Reproduce the line containing "case (rep p q c' c'')" and every line after it through the end of the records. Include nothing else.

===== Source information =====

theory Submission
  imports Defs "HOL-Library.Countable"
begin

text \<open>Soundness: under any homomorphism into an N_w-model the axioms are designated,
  (A2), (A3), (A5), (A6) because both sides of the implication denote the same element
  (for (A6) by the exchange law), and (A1), (A4), (A7) by conditions (a), (f), (h);
  conditions (b), (e), (g) make the rules preserve designation, \<open>(DI)\<^sup>s\<close> needs the extra
  condition of \<open>Nwd\<close>, and the associativity axioms need \<open>\<otimes>\<close> to be associative.
  A derivation uses only finitely many hypotheses, which provides the finite \<open>\<Gamma>'\<close>.

  Completeness: formulas modulo provable equivalence \<open>\<Gamma> \<turnstile> \<phi> \<Leftrightarrow> \<psi>\<close> form a
  weak N-algebra (an N-algebra in the associative case), and
  \<open>x \<perp> y\<close> iff \<open>\<Gamma> \<turnstile> (x \<circ> y)\<^sup>*\<close>, \<open>x \<perp> t\<close> iff \<open>\<Gamma> \<turnstile> x\<^sup>*\<close>, \<open>x \<perp> f\<close> iff \<open>\<Gamma> \<turnstile> x\<close>
  makes it a model of the right class in which the canonical valuation designates exactly the
  formulas derivable from \<open>\<Gamma>\<close>. The quotient is countable, so it can be realised inside
  any infinite carrier type. Theorems of the hypothesis-free calculus are the derivations
  from \<open>{}\<close>, and validity is consequence from \<open>{}\<close>.\<close>

abbreviation designated :: "'a nmodel \<Rightarrow> 'a \<Rightarrow> bool" where
  "designated M x \<equiv> perp M (El x) FF"

lemma hom_in_car: "weak_N_alg M \<Longrightarrow> is_hom M h \<Longrightarrow> h p \<in> car M"
  by (induction p) (auto simp: weak_N_alg_def is_hom_def)

lemma hom_simps:
  assumes "is_hom M h"
  shows "h (Ot a b) = otm M (h a) (h b)" "h (Ci a b) = cim M (h a) (h b)" "h (St a) = stm M (h a)"
    "h (fimp a b) = mimp M (h a) (h b)" "h (fiff a b) = miff M (h a) (h b)"
    "h (fniff a b) = mniff M (h a) (h b)" "h (fniff3 a b c) = mniff3 M (h a) (h b) (h c)"
    "h (foplus a b) = moplus M (h a) (h b)"
  using assms by (auto simp: is_hom_def fimp_def mimp_def fiff_def miff_def fniff_def mniff_def
      fniff3_def mniff3_def foplus_def moplus_def)

lemma hom_repl_eq: "repl p q b c c' \<Longrightarrow> is_hom M h \<Longrightarrow> h p = h q \<Longrightarrow> h c = h c'"
  by (induction rule: repl.induct) (auto simp: is_hom_def)

lemma repl_False_eq: "repl p q b c c' \<Longrightarrow> \<not> b \<Longrightarrow> c' = c"
  by (induction rule: repl.induct) auto

context
  fixes M :: "'a nmodel"
  assumes model: "Nw_model M"
begin

lemma Nw_model_weak_N_alg: "weak_N_alg M"
  using model by (simp add: Nw_model_def)

lemma ops_closed:
  "x \<in> car M \<Longrightarrow> y \<in> car M \<Longrightarrow> otm M x y \<in> car M"
  "x \<in> car M \<Longrightarrow> y \<in> car M \<Longrightarrow> cim M x y \<in> car M"
  "x \<in> car M \<Longrightarrow> stm M x \<in> car M"
  "x \<in> car M \<Longrightarrow> y \<in> car M \<Longrightarrow> mimp M x y \<in> car M"
  using Nw_model_weak_N_alg by (auto simp: weak_N_alg_def mimp_def)

lemma ops_laws:
  "x \<in> car M \<Longrightarrow> y \<in> car M \<Longrightarrow> otm M x y = otm M y x"
  "x \<in> car M \<Longrightarrow> y \<in> car M \<Longrightarrow> cim M x y = cim M y x"
  "x \<in> car M \<Longrightarrow> stm M (stm M x) = x"
  "x \<in> car M \<Longrightarrow> y \<in> car M \<Longrightarrow> z \<in> car M \<Longrightarrow> cim M (otm M x y) z = cim M (otm M x z) y"
  using Nw_model_weak_N_alg by (auto simp: weak_N_alg_def)

lemma perp_conditions:
  shows perp_stm: "x \<in> car M \<Longrightarrow> perp M (El x) (El (stm M x))"
    and perp_stm_antisym: "x \<in> car M \<Longrightarrow> y \<in> car M \<Longrightarrow>
      perp M (El x) (El (stm M y)) \<Longrightarrow> perp M (El y) (El (stm M x)) \<Longrightarrow> x = y"
    and perp_iff_cim_perp_TT: "x \<in> car M \<Longrightarrow> y \<in> car M \<Longrightarrow>
      perp M (El x) (El y) \<longleftrightarrow> perp M (El (cim M x y)) TT"
    and perp_TT_iff_stm_designated: "x \<in> car M \<Longrightarrow>
      perp M (El x) TT \<longleftrightarrow> designated M (stm M x)"
    and designated_otm_iff: "x \<in> car M \<Longrightarrow> y \<in> car M \<Longrightarrow>
      designated M (otm M x y) \<longleftrightarrow> designated M x \<and> designated M y"
    and perp_A4: "x \<in> car M \<Longrightarrow> y \<in> car M \<Longrightarrow>
      perp M (El (stm M (cim M x (stm M y)))) (El (stm M (cim M x y)))"
    and perp_designated_TT: "x \<in> car M \<Longrightarrow> y \<in> car M \<Longrightarrow>
      perp M (El x) (El y) \<Longrightarrow> designated M x \<Longrightarrow> perp M (El y) TT"
    and perp_A7: "x \<in> car M \<Longrightarrow> y \<in> car M \<Longrightarrow> z \<in> car M \<Longrightarrow>
      perp M (El (mniff3 M x y z))
        (El (stm M (mimp M (mimp M x y) (mimp M (mimp M y z) (mimp M x z)))))"
  using model unfolding Nw_model_def by blast+

lemma designated_mimp_iff:
  "x \<in> car M \<Longrightarrow> y \<in> car M \<Longrightarrow> designated M (mimp M x y) \<longleftrightarrow> perp M (El x) (El (stm M y))"
  unfolding mimp_def by (metis ops_closed perp_iff_cim_perp_TT perp_TT_iff_stm_designated)

lemma designated_mimp_refl: "x \<in> car M \<Longrightarrow> designated M (mimp M x x)"
  by (simp add: designated_mimp_iff perp_stm)

lemma designated_mp:
  assumes "x \<in> car M" "y \<in> car M" "designated M (mimp M x y)" "designated M x"
  shows "designated M y"
proof -
  have "perp M (El (stm M y)) TT"
    using assms by (simp add: designated_mimp_iff perp_designated_TT ops_closed)
  then show ?thesis
    using assms by (simp add: perp_TT_iff_stm_designated ops_closed ops_laws)
qed

lemma designated_miff_eq:
  assumes "x \<in> car M" "y \<in> car M" "designated M (miff M x y)"
  shows "x = y"
  using assms perp_stm_antisym
  by (simp add: miff_def designated_otm_iff designated_mimp_iff ops_closed)

lemma Ax_designated:
  assumes h: "is_hom M h" and "Ax f"
  shows "designated M (h f)"
proof -
  have c: "\<And>p. h p \<in> car M"
    using hom_in_car[OF Nw_model_weak_N_alg h] .
  note hom = hom_simps[OF h]
  show ?thesis using \<open>Ax f\<close>
  proof cases
    case (A1 p)
    then show ?thesis by (simp add: hom c designated_mimp_refl)
  next
    case (A2 p q)
    then show ?thesis
      using designated_mimp_refl ops_laws(2) by (simp add: hom c ops_closed)
  next
    case (A3 p)
    then show ?thesis by (simp add: hom c ops_laws(3) designated_mimp_refl)
  next
    case (A4 p q)
    then show ?thesis
      using perp_A4[OF c c]
      by (simp add: hom c ops_closed designated_mimp_iff mimp_def[symmetric])
  next
    case (A5 p q)
    then show ?thesis
      using designated_mimp_refl ops_laws(1)
      by (simp add: hom c ops_closed miff_def designated_otm_iff)
  next
    case (A6 p q r)
    have "mimp M (otm M (h p) (stm M (h r))) (stm M (h q)) = mimp M (otm M (h p) (h q)) (h r)"
      unfolding mimp_def using c ops_closed ops_laws by metis
    then show ?thesis
      using A6 by (simp add: hom c ops_closed designated_mimp_refl)
  next
    case (A7 p q r)
    have "perp M (El (h (fniff3 p q r)))
        (El (stm M (h (fimp (fimp p q) (fimp (fimp q r) (fimp p r))))))"
      using perp_A7[OF c c c] by (simp add: hom)
    then show ?thesis
      using A7 designated_mimp_iff[OF c c] hom(4) by metis
  qed
qed

lemma AsAx_designated:
  assumes "N_alg M" "is_hom M h" "AsAx f"
  shows "designated M (h f)"
proof -
  have c: "\<And>p. h p \<in> car M"
    using hom_in_car[OF Nw_model_weak_N_alg assms(2)] .
  have assoc: "h (Ot (Ot p q) r) = h (Ot p (Ot q r))" for p q r
    using assms(1) by (simp add: hom_simps[OF assms(2)] N_alg_def c)
  from \<open>AsAx f\<close> show ?thesis
    by cases (simp_all only: hom_simps(4)[OF assms(2)] assoc designated_mimp_refl c)
qed

end

lemma NeL_DI_sound:
  assumes "NeL_DI as \<Gamma> f" and M: "Nwd M" "as \<Longrightarrow> N_alg M"
    and h: "is_hom M h" "h ` \<Gamma> \<subseteq> Fperp M"
  shows "designated M (h f)"
proof -
  have model: "Nw_model M"
    using M(1) by (simp add: Nwd_def)
  have c: "\<And>p. h p \<in> car M"
    using hom_in_car[OF Nw_model_weak_N_alg[OF model] h(1)] .
  note hom = hom_simps[OF h(1)]
  from assms(1) show ?thesis
  proof (induction rule: NeL_DI.induct)
    case (hyp p)
    then show ?case using h(2) by (auto simp: Fperp_def)
  next
    case (ax p)
    then show ?case by (rule Ax_designated[OF model h(1)])
  next
    case (axas p)
    then show ?case by (intro AsAx_designated[OF model M(2) h(1)])
  next
    case (mp p q)
    then show ?case using designated_mp[OF model c c] by (simp add: hom)
  next
    case (adj p q)
    then show ?case by (simp add: hom designated_otm_iff[OF model c c])
  next
    case (rep p q c' c'')
    then have "h p = h q"
      using designated_miff_eq[OF model c c] by (simp add: hom)
    then show ?case
      using rep hom_repl_eq[OF _ h(1)] by metis
  next
    case (simpl p q)
    then show ?case by (simp add: hom designated_otm_iff[OF model c c])
  next
    case (DIs p q)
    then show ?case using M(1) c by (simp add: hom Nwd_def)
  qed
qed

lemma NeL_DI_mono: "NeL_DI as \<Gamma> f \<Longrightarrow> \<Gamma> \<subseteq> \<Delta> \<Longrightarrow> NeL_DI as \<Delta> f"
  by (induction rule: NeL_DI.induct) (auto intro: NeL_DI.intros)

lemma NeL_DI_finite_hyps:
  "NeL_DI as \<Gamma> f \<Longrightarrow> \<exists>\<Gamma>'. finite \<Gamma>' \<and> \<Gamma>' \<subseteq> \<Gamma> \<and> NeL_DI as \<Gamma>' f"
proof (induction rule: NeL_DI.induct)
  case (hyp p)
  then show ?case by (intro exI[of _ "{p}"]) (auto intro: NeL_DI.hyp)
next
  case (mp p q)
  then show ?case by (meson NeL_DI.mp NeL_DI_mono finite_UnI Un_least Un_upper1 Un_upper2)
next
  case (adj p q)
  then show ?case by (meson NeL_DI.adj NeL_DI_mono finite_UnI Un_least Un_upper1 Un_upper2)
next
  case (rep p q c c')
  then show ?case by (meson NeL_DI.rep NeL_DI_mono finite_UnI Un_least Un_upper1 Un_upper2)
qed (auto intro: NeL_DI.intros)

=====

Answer to this problem:
    case (rep p q c' c'')
    then have "h p = h q"
      using designated_miff_eq[OF model c c] by (simp add: hom)
    then show ?case
      using rep hom_repl_eq[OF _ h(1)] by metis
  next
    case (simpl p q)
    then show ?case by (simp add: hom designated_otm_iff[OF model c c])
  next
    case (DIs p q)
    then show ?case using M(1) c by (simp add: hom Nwd_def)
  qed
qed

lemma NeL_DI_mono: "NeL_DI as \<Gamma> f \<Longrightarrow> \<Gamma> \<subseteq> \<Delta> \<Longrightarrow> NeL_DI as \<Delta> f"
  by (induction rule: NeL_DI.induct) (auto intro: NeL_DI.intros)

lemma NeL_DI_finite_hyps:
  "NeL_DI as \<Gamma> f \<Longrightarrow> \<exists>\<Gamma>'. finite \<Gamma>' \<and> \<Gamma>' \<subseteq> \<Gamma> \<and> NeL_DI as \<Gamma>' f"
proof (induction rule: NeL_DI.induct)
  case (hyp p)
  then show ?case by (intro exI[of _ "{p}"]) (auto intro: NeL_DI.hyp)
next
  case (mp p q)
  then show ?case by (meson NeL_DI.mp NeL_DI_mono finite_UnI Un_least Un_upper1 Un_upper2)
next
  case (adj p q)
  then show ?case by (meson NeL_DI.adj NeL_DI_mono finite_UnI Un_least Un_upper1 Un_upper2)
next
  case (rep p q c c')
  then show ?case by (meson NeL_DI.rep NeL_DI_mono finite_UnI Un_least Un_upper1 Un_upper2)
qed (auto intro: NeL_DI.intros)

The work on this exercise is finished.